New Delhi: When Reserve Bank of India (RBI) governor D. Subbarao reads out the mid-term monetary policy statement on Friday, concern about inflation, which dominated monetary and fiscal policy measures in the last one year, is likely to have been replaced by worries about economic growth.
In focus: Reserve Bank of India governor D. Subbarao. Tomohiro Ohsumi / Bloomberg
A confluence of recent developments, such as a slowing economy, a cash and credit crunch and declining oil and commodity prices, has led to the change and left economists and bankers unfazed about the Union government’s expanding fiscal deficit and borrowing plans.
Such developments have partially offset the alarm with which the impact of worsening fiscal deficit on inflation might have been viewed normally, they said.
In the last month, the government has lowered its forecast for this fiscal year’s economic growth. Simultaneously, other organizations making forecasts have also marked down economic growth, often by a bigger magnitude than the government.
The economic slowdown is expected to compress the economy’s aggregate demand, a measure that was the RBI’s target all year through monetary policy measures to rein in escalating prices.

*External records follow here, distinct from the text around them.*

lemma doubly_stochasticable_hall_condition:
  assumes "digraph V E" "doubly_stochasticable V E" "(u, v) \<in> E" "X \<subseteq> V - {u}"
  shows "card X \<le> card ((\<Union>x\<in>X. {w \<in> V. (x, w) \<in> E}) - {v})"
proof -
  obtain A where A: "doubly_stochastic_on V A" "\<forall>u\<in>V. \<forall>v\<in>V. A u v > 0 \<longleftrightarrow> (u, v) \<in> E"
    using assms(2) by (rule doubly_stochasticableE)
  have fin: "finite V" and uv: "u \<in> V" "v \<in> V" using assms(1,3) by (auto simp: digraph_def)
  define Y where "Y = (\<Union>x\<in>X. {w \<in> V. (x, w) \<in> E})"
  have "Y \<subseteq> V" by (auto simp: Y_def)
  then have "finite Y" using fin by (rule finite_subset)
  have "\<forall>x\<in>X. \<forall>w\<in>V - Y. A x w = 0"
  proof (intro ballI)
    fix x w assume "x \<in> X" "w \<in> V - Y"
    then have "x \<in> V" "w \<in> V" "(x, w) \<notin> E" using assms(4) by (auto simp: Y_def)
    then show "A x w = 0" using A by (force simp: doubly_stochastic_on_def)
  qed
  with fin A(1) uv(1) assms(4) \<open>Y \<subseteq> V\<close>
  have card_le: "real (card X) + (\<Sum>w\<in>Y. A u w) \<le> real (card Y)"
    by (rule doubly_stochastic_rows_card_le)
  have nonneg: "\<forall>w\<in>Y. A u w \<ge> 0" using A(1) uv(1) \<open>Y \<subseteq> V\<close> by (auto simp: doubly_stochastic_on_def)
  show ?thesis
  proof (cases "v \<in> Y")
    case True
    have "A u v \<le> (\<Sum>w\<in>Y. A u w)" using True nonneg \<open>finite Y\<close> by (intro member_le_sum) auto
    moreover have "A u v > 0" using A(2) uv assms(3) by blast
    ultimately have "card X < card Y" using card_le by linarith
    then show ?thesis using True \<open>finite Y\<close> by (simp add: Y_def[symmetric])
  next
    case False
    have "(\<Sum>w\<in>Y. A u w) \<ge> 0" using nonneg by (simp add: sum_nonneg)
    then have "card X \<le> card Y" using card_le by linarith
    then show ?thesis using False by (simp add: Y_def[symmetric])
  qed
qed

lemma doubly_stochasticable_edge_in_permutation:
  assumes "digraph V E" "doubly_stochasticable V E" "(u, v) \<in> E"
  obtains p where "p permutes V" "p u = v" "fun_graph V p \<subseteq> E"
proof -
  have fin: "finite V" and EV: "E \<subseteq> V \<times> V" using assms(1) by (auto simp: digraph_def)
  have uv: "u \<in> V" "v \<in> V" using assms(3) EV by auto
  define N where "N x = {w \<in> V. (x, w) \<in> E} - {v}" for x
  have "\<forall>X\<subseteq>V - {u}. card X \<le> card (\<Union>(N ` X))"
    using doubly_stochasticable_hall_condition[OF assms] by (simp add: N_def UN_extend_simps(4)[symmetric])
  then obtain f where f: "inj_on f (V - {u})" "\<forall>x\<in>V - {u}. f x \<in> N x"
    using hall_marriage[of "V - {u}" N] fin by (auto simp: N_def)
  define g where "g = f(u := v)"
  have "inj_on g (insert u (V - {u}))" using f by (auto simp: g_def N_def inj_on_def)
  then have "inj_on g V" using uv by (simp add: insert_absorb)
  moreover have "g ` V \<subseteq> V" using f uv by (auto simp: g_def N_def)
  ultimately have "(\<lambda>x. if x \<in> V then g x else x) permutes V"
    using permutes_restrict_inj_on[OF fin] by blast
  moreover have "fun_graph V (\<lambda>x. if x \<in> V then g x else x) \<subseteq> E"
    using f assms(3) by (auto simp: g_def N_def)
  ultimately show ?thesis using uv by (intro that) (auto simp: g_def)
qed

section \<open>Permutations as unions of disjoint cycles\<close>

lemma cycle_edges_eq_fun_graph:
  assumes "distinct c"
  shows "cycle_edges c = fun_graph (set c) (cycle_of_list c)"
proof (cases "c = []")
  case False
  have "tl c @ [hd c] = map (cycle_of_list c) c"
    using cyclic_rotation[OF assms, of 1] False by (simp add: rotate1_hd_tl)
  then show ?thesis
    by (simp add: cycle_edges_def fun_graph_def zip_map2 zip_same_conv_map image_image)
qed (simp add: cycle_edges_def fun_graph_def)

lemma cycle_edges_support:
  assumes "permutation p"
  shows "cycle_edges (support p a) = fun_graph (set (support p a)) p"
  using cycle_edges_eq_fun_graph[OF cycle_of_permutation[OF assms]] cycle_restrict[OF assms]
  by (auto intro: fun_graph_cong)

lemma permutes_cycle_lists:
  assumes "finite S" "p permutes S"
  shows "\<exists>cs. set (concat cs) = S \<and> distinct (concat cs) \<and>
              (\<forall>c\<in>set cs. c \<noteq> [] \<and> cycle_edges c = fun_graph (set c) p)"
  using assms
proof (induction "card S" arbitrary: S p rule: less_induct)
  case less
  show ?case
  proof (cases "S = {}")
    case False
    then obtain a where a: "a \<in> S" by blast
    have perm: "permutation p" using less.prems permutation_permutes by blast
    define c where "c = support p a"
    have c_sub: "set c \<subseteq> S"
      using permutes_in_image[OF permutes_funpow[OF less.prems(2)]] a by (auto simp: c_def)
    have "a \<in> set c" using least_power_of_permutation(2)[OF perm] by (force simp: c_def)
    define q where "q y = (if y \<in> S - set c then p y else y)" for y
    have "q permutes S - set c"
      unfolding q_def c_def by (rule semidecomposition[OF less.prems(2,1)])
    moreover have "card (S - set c) < card S"
      using \<open>a \<in> set c\<close> a less.prems(1) by (intro psubset_card_mono) auto
    ultimately obtain cs where cs: "set (concat cs) = S - set c" "distinct (concat cs)"
      "\<forall>c'\<in>set cs. c' \<noteq> [] \<and> cycle_edges c' = fun_graph (set c') q"
      using less.hyps less.prems(1) by blast
    have "\<forall>c'\<in>set cs. cycle_edges c' = fun_graph (set c') p"
    proof
      fix c' assume c': "c' \<in> set cs"
      have "set c' \<subseteq> S - set c" using c' cs(1) by auto
      then have "fun_graph (set c') q = fun_graph (set c') p"
        by (intro fun_graph_cong) (auto simp: q_def)
      then show "cycle_edges c' = fun_graph (set c') p" using c' cs(3) by simp
    qed
    moreover have "distinct c" "c \<noteq> []" "cycle_edges c = fun_graph (set c) p"
      using cycle_of_permutation[OF perm] \<open>a \<in> set c\<close> cycle_edges_support[OF perm]
      by (auto simp: c_def)
    ultimately show ?thesis using cs c_sub by (intro exI[of _ "c # cs"]) auto
  qed (intro exI[of _ "[]"], simp)
qed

The economic slowdown has been accompanied by increasing concern with which lenders across the world view companies’ business operations. Credit has dried up for Indian companies abroad and ,within India, banks show no signs of immediately reducing lending rates. In a tight operating environment, few companies have the space to increase prices, economists said.
On Wednesday, the macroeconometric model of the Delhi School of Economics and the Institute of Economic Growth (IEG) marked down the economic growth for 2008-09 by 60 basis points to 7%. The finance ministry earlier in the month marked it down by 25 basis points to 8%. One basis point is one-hundredth of a percentage point.

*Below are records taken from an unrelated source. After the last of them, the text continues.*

(* Let $\mathcal{R}=(G_0,e\to R)$ be an expanding replacement system with limit space $X$. Then the set of all rearrangements of $X$ is a group under composition.
   Context: A graph means a finite directed multigraph (loops and multiple edges allowed). A replacement system $\mathcal{R}=(G_0,e\to R)$ consists of a graph $G_0$ (the base graph) and a replacement rule $e\to R$, where $e$ is a single non-loop directed edge from a vertex $v$ to a vertex $w$, and $R$ is a graph containing $v$ and $w$ (the initial and terminal vertices of $R$; the other vertices of $R$ are interior). Replacing an edge $\varepsilon$ of a graph $G$ means deleting $\varepsilon$ and gluing in a copy of $R$, identifying the initial (resp. terminal) vertex of $R$ with the initial (resp. terminal) vertex of $\varepsilon$; the new edges are named $\varepsilon\zeta$ for edges $\zeta$ of $R$. The full expansion sequence is $G_0,G_1,\dots$, where $G_n$ is obtained from $G_{n-1}$ by replacing every edge; thus the edges of $G_n$ are the words $\varepsilon_0\varepsilon_1\cdots\varepsilon_n$ with $\varepsilon_0$ an edge of $G_0$ and $\varepsilon_i$ edges of $R$. $\mathcal{R}$ is expanding if (i) neither $G_0$ nor $R$ has isolated vertices, (ii) the initial and terminal vertices of $R$ are not joined by an edge, (iii) $R$ has at least three vertices and two edges. The symbol space is $\Omega=E(G_0)\times E(R)^{\mathbb{N}}$ with the product topology; two sequences $\varepsilon_0\varepsilon_1\cdots$ and $\varepsilon_0'\varepsilon_1'\cdots$ are glued if for every $n$ the edges $\varepsilon_0\cdots\varepsilon_n$ and $\varepsilon_0'\cdots\varepsilon_n'$ of $G_n$ share at least one vertex; for expanding systems this is an equivalence relation $\sim$ and the limit space is $X=\Omega/\sim$. For an edge $e'=\varepsilon_0\cdots\varepsilon_n$ of $G_n$, the cell $C(e')$ is the image in $X$ of the set of sequences with prefix $e'$; its boundary points are the images of the endpoints of $e'$ (a vertex $u$ of some $G_n$ corresponds to the point of $X$ that is the image of any sequence $\varepsilon_0\varepsilon_1\cdots$ such that $\varepsilon_0\cdots\varepsilon_k$ is incident on $u$ for all large $k$), and its interior is the cell minus its boundary points. If $e',e''$ are both loops or both non-loops, the canonical homeomorphism $C(e')\to C(e'')$ is the map induced by $e'\zeta_1\zeta_2\cdots\mapsto e''\zeta_1\zeta_2\cdots$. A cellular partition of $X$ is a cover of $X$ by finitely many cells with pairwise disjoint interiors. A rearrangement of $X$ is a homeomorphism $f\colon X\to X$ such that for some cellular partition $\mathcal{P}$, $f$ restricts to a canonical homeomorphism on each cell of $\mathcal{P}$. *)

theory Defs
  imports "HOL-Analysis.Analysis" "HOL-Algebra.Group" "Graph_Theory.Digraph"
begin

text \<open>A replacement system is given by a base graph G0 (vertices 'a, arcs 'b),
  a replacement graph R (vertices 'c, arcs 'd) and its initial vertex v and
  terminal vertex w (the endpoints of the replaced non-loop edge e).\<close>

definition repl_sys :: "('a,'b) pre_digraph \<Rightarrow> ('c,'d) pre_digraph \<Rightarrow> 'c \<Rightarrow> 'c \<Rightarrow> bool" where
  "repl_sys G0 R v w \<longleftrightarrow> fin_digraph G0 \<and> fin_digraph R \<and> v \<in> verts R \<and> w \<in> verts R \<and> v \<noteq> w"

definition no_isolated :: "('x,'y) pre_digraph \<Rightarrow> bool" where
  "no_isolated G \<longleftrightarrow> (\<forall>u\<in>verts G. \<exists>a\<in>arcs G. tail G a = u \<or> head G a = u)"

definition expanding :: "('a,'b) pre_digraph \<Rightarrow> ('c,'d) pre_digraph \<Rightarrow> 'c \<Rightarrow> 'c \<Rightarrow> bool" where
  "expanding G0 R v w \<longleftrightarrow> repl_sys G0 R v w \<and> no_isolated G0 \<and> no_isolated R \<and>
     \<not> (\<exists>a\<in>arcs R. (tail R a = v \<and> head R a = w) \<or> (tail R a = w \<and> head R a = v)) \<and>
     card (verts R) \<ge> 3 \<and> card (arcs R) \<ge> 2"

text \<open>An edge of G_n is a word (b, [d_1,...,d_n]) with b an arc of G0 and d_i arcs of R.
  A vertex of some G_n is either Inl a for a vertex a of G0, or Inr (x, c) where
  c is an interior vertex of R glued in when replacing the edge x.\<close>

type_synonym ('b,'d) eword = "'b \<times> 'd list"
type_synonym ('a,'b,'c,'d) evert = "'a + ('b,'d) eword \<times> 'c"

definition edge_word :: "('a,'b) pre_digraph \<Rightarrow> ('c,'d) pre_digraph \<Rightarrow> nat \<Rightarrow> ('b,'d) eword \<Rightarrow> bool" where
  "edge_word G0 R n x \<longleftrightarrow> fst x \<in> arcs G0 \<and> length (snd x) = n \<and> set (snd x) \<subseteq> arcs R"

fun ends_rev :: "('a,'b) pre_digraph \<Rightarrow> ('c,'d) pre_digraph \<Rightarrow> 'c \<Rightarrow> 'c \<Rightarrow> 'b \<Rightarrow> 'd list
     \<Rightarrow> ('a,'b,'c,'d) evert \<times> ('a,'b,'c,'d) evert" where
  "ends_rev G0 R v w b [] = (Inl (tail G0 b), Inl (head G0 b))"
| "ends_rev G0 R v w b (z # rds) =
     (let (s, t) = ends_rev G0 R v w b rds;
          conv = (\<lambda>c. if c = v then s else if c = w then t else Inr ((b, rev rds), c))
      in (conv (tail R z), conv (head R z)))"

definition ends :: "('a,'b) pre_digraph \<Rightarrow> ('c,'d) pre_digraph \<Rightarrow> 'c \<Rightarrow> 'c \<Rightarrow> ('b,'d) eword
     \<Rightarrow> ('a,'b,'c,'d) evert \<times> ('a,'b,'c,'d) evert" where
  "ends G0 R v w x = ends_rev G0 R v w (fst x) (rev (snd x))"

definition incident :: "('a,'b) pre_digraph \<Rightarrow> ('c,'d) pre_digraph \<Rightarrow> 'c \<Rightarrow> 'c \<Rightarrow> ('b,'d) eword
     \<Rightarrow> ('a,'b,'c,'d) evert \<Rightarrow> bool" where
  "incident G0 R v w x u \<longleftrightarrow> u = fst (ends G0 R v w x) \<or> u = snd (ends G0 R v w x)"

definition is_loop_word :: "('a,'b) pre_digraph \<Rightarrow> ('c,'d) pre_digraph \<Rightarrow> 'c \<Rightarrow> 'c \<Rightarrow> ('b,'d) eword \<Rightarrow> bool" where
  "is_loop_word G0 R v w x \<longleftrightarrow> fst (ends G0 R v w x) = snd (ends G0 R v w x)"

definition symbol_top :: "('a,'b) pre_digraph \<Rightarrow> ('c,'d) pre_digraph \<Rightarrow> ('b \<times> (nat \<Rightarrow> 'd)) topology" where
  "symbol_top G0 R = prod_topology (discrete_topology (arcs G0))
                        (product_topology (\<lambda>_. discrete_topology (arcs R)) UNIV)"

definition prefix_word :: "nat \<Rightarrow> 'b \<times> (nat \<Rightarrow> 'd) \<Rightarrow> ('b,'d) eword" where
  "prefix_word n s = (fst s, map (snd s) [0..<n])"

definition glue_rel :: "('a,'b) pre_digraph \<Rightarrow> ('c,'d) pre_digraph \<Rightarrow> 'c \<Rightarrow> 'c
     \<Rightarrow> (('b \<times> (nat \<Rightarrow> 'd)) \<times> ('b \<times> (nat \<Rightarrow> 'd))) set" where
  "glue_rel G0 R v w = {(s, t). s \<in> topspace (symbol_top G0 R) \<and> t \<in> topspace (symbol_top G0 R) \<and>
      (\<forall>n. \<exists>u. incident G0 R v w (prefix_word n s) u \<and> incident G0 R v w (prefix_word n t) u)}"

definition quotient_top :: "'x topology \<Rightarrow> ('x \<times> 'x) set \<Rightarrow> 'x set topology" where
  "quotient_top T r = topology (\<lambda>U. U \<subseteq> topspace T // r \<and>
        openin T {x \<in> topspace T. r `` {x} \<in> U})"

lemma istopology_quotient:
  "istopology (\<lambda>U. U \<subseteq> topspace T // r \<and> openin T {x \<in> topspace T. r `` {x} \<in> U})"
proof -
  have i: "{x \<in> topspace T. r `` {x} \<in> S \<inter> U} =
      {x \<in> topspace T. r `` {x} \<in> S} \<inter> {x \<in> topspace T. r `` {x} \<in> U}" for S U by auto
  have u: "{x \<in> topspace T. r `` {x} \<in> \<Union>K} = (\<Union>U\<in>K. {x \<in> topspace T. r `` {x} \<in> U})" for K by auto
  have A: "openin T {x \<in> topspace T. r `` {x} \<in> S \<inter> U}"
    if "openin T {x \<in> topspace T. r `` {x} \<in> S}" "openin T {x \<in> topspace T. r `` {x} \<in> U}" for S U
    unfolding i using that by (rule openin_Int)
  have B: "openin T {x \<in> topspace T. r `` {x} \<in> \<Union>K}"
    if "\<forall>U\<in>K. openin T {x \<in> topspace T. r `` {x} \<in> U}" for K
    unfolding u using that by (intro openin_Union) auto
  show ?thesis unfolding istopology_def
    using A B by (intro conjI allI impI; blast)
qed

definition limit_top :: "('a,'b) pre_digraph \<Rightarrow> ('c,'d) pre_digraph \<Rightarrow> 'c \<Rightarrow> 'c
     \<Rightarrow> ('b \<times> (nat \<Rightarrow> 'd)) set topology" where
  "limit_top G0 R v w = quotient_top (symbol_top G0 R) (glue_rel G0 R v w)"

definition limit_space :: "('a,'b) pre_digraph \<Rightarrow> ('c,'d) pre_digraph \<Rightarrow> 'c \<Rightarrow> 'c
     \<Rightarrow> ('b \<times> (nat \<Rightarrow> 'd)) set set" where
  "limit_space G0 R v w = topspace (symbol_top G0 R) // glue_rel G0 R v w"

definition qmap :: "('a,'b) pre_digraph \<Rightarrow> ('c,'d) pre_digraph \<Rightarrow> 'c \<Rightarrow> 'c
     \<Rightarrow> 'b \<times> (nat \<Rightarrow> 'd) \<Rightarrow> ('b \<times> (nat \<Rightarrow> 'd)) set" where
  "qmap G0 R v w s = glue_rel G0 R v w `` {s}"

definition cylinder :: "('a,'b) pre_digraph \<Rightarrow> ('c,'d) pre_digraph \<Rightarrow> ('b,'d) eword
     \<Rightarrow> ('b \<times> (nat \<Rightarrow> 'd)) set" where
  "cylinder G0 R x = {s \<in> topspace (symbol_top G0 R). prefix_word (length (snd x)) s = x}"

definition cell :: "('a,'b) pre_digraph \<Rightarrow> ('c,'d) pre_digraph \<Rightarrow> 'c \<Rightarrow> 'c \<Rightarrow> ('b,'d) eword
     \<Rightarrow> ('b \<times> (nat \<Rightarrow> 'd)) set set" where
  "cell G0 R v w x = qmap G0 R v w ` cylinder G0 R x"

text \<open>The point of X corresponding to a vertex u of some G_n.\<close>
definition vertex_point :: "('a,'b) pre_digraph \<Rightarrow> ('c,'d) pre_digraph \<Rightarrow> 'c \<Rightarrow> 'c
     \<Rightarrow> ('a,'b,'c,'d) evert \<Rightarrow> ('b \<times> (nat \<Rightarrow> 'd)) set set" where
  "vertex_point G0 R v w u = {qmap G0 R v w s | s. s \<in> topspace (symbol_top G0 R) \<and>
        eventually (\<lambda>k. incident G0 R v w (prefix_word k s) u) sequentially}"

definition cell_boundary :: "('a,'b) pre_digraph \<Rightarrow> ('c,'d) pre_digraph \<Rightarrow> 'c \<Rightarrow> 'c \<Rightarrow> ('b,'d) eword
     \<Rightarrow> ('b \<times> (nat \<Rightarrow> 'd)) set set" where
  "cell_boundary G0 R v w x = vertex_point G0 R v w (fst (ends G0 R v w x)) \<union>
                              vertex_point G0 R v w (snd (ends G0 R v w x))"

definition cell_interior :: "('a,'b) pre_digraph \<Rightarrow> ('c,'d) pre_digraph \<Rightarrow> 'c \<Rightarrow> 'c \<Rightarrow> ('b,'d) eword
     \<Rightarrow> ('b \<times> (nat \<Rightarrow> 'd)) set set" where
  "cell_interior G0 R v w x = cell G0 R v w x - cell_boundary G0 R v w x"

text \<open>A cellular partition, given by the finite set of edges (of various G_n) whose cells form it.\<close>
definition cellular_partition :: "('a,'b) pre_digraph \<Rightarrow> ('c,'d) pre_digraph \<Rightarrow> 'c \<Rightarrow> 'c
     \<Rightarrow> ('b,'d) eword set \<Rightarrow> bool" where
  "cellular_partition G0 R v w P \<longleftrightarrow> finite P \<and>
     (\<forall>x\<in>P. \<exists>n. edge_word G0 R n x) \<and>
     (\<Union>x\<in>P. cell G0 R v w x) = limit_space G0 R v w \<and>
     (\<forall>x\<in>P. \<forall>y\<in>P. cell G0 R v w x \<noteq> cell G0 R v w y \<longrightarrow>
         cell_interior G0 R v w x \<inter> cell_interior G0 R v w y = {})"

Given the overall direction of forecasts of economic growth—downwards—there is slim chance of demand galloping ahead of supply and thereby pushing up price levels, said N.R. Bhanumurthy, associate professor at IEG.
Even the government’s formal announcement this week that it would incur an additional cash expenditure this year of Rs 1.05 trillion, about 80% of the budgeted fiscal deficit, is unlikely to boost demand to the extent that it could be considered inflationary, Bhanumurthy said.
“The global financial crisis is exerting pressure on all economies and perhaps it’s likely that we may overshoot the budget estimates (of deficit),” finance minister P. Chidambaram said at a conference in New Delhi on Wednesday.
The budget target is a fiscal deficit level of 2.5% (not including off balance sheet items such as oil bonds) of gross domestic product.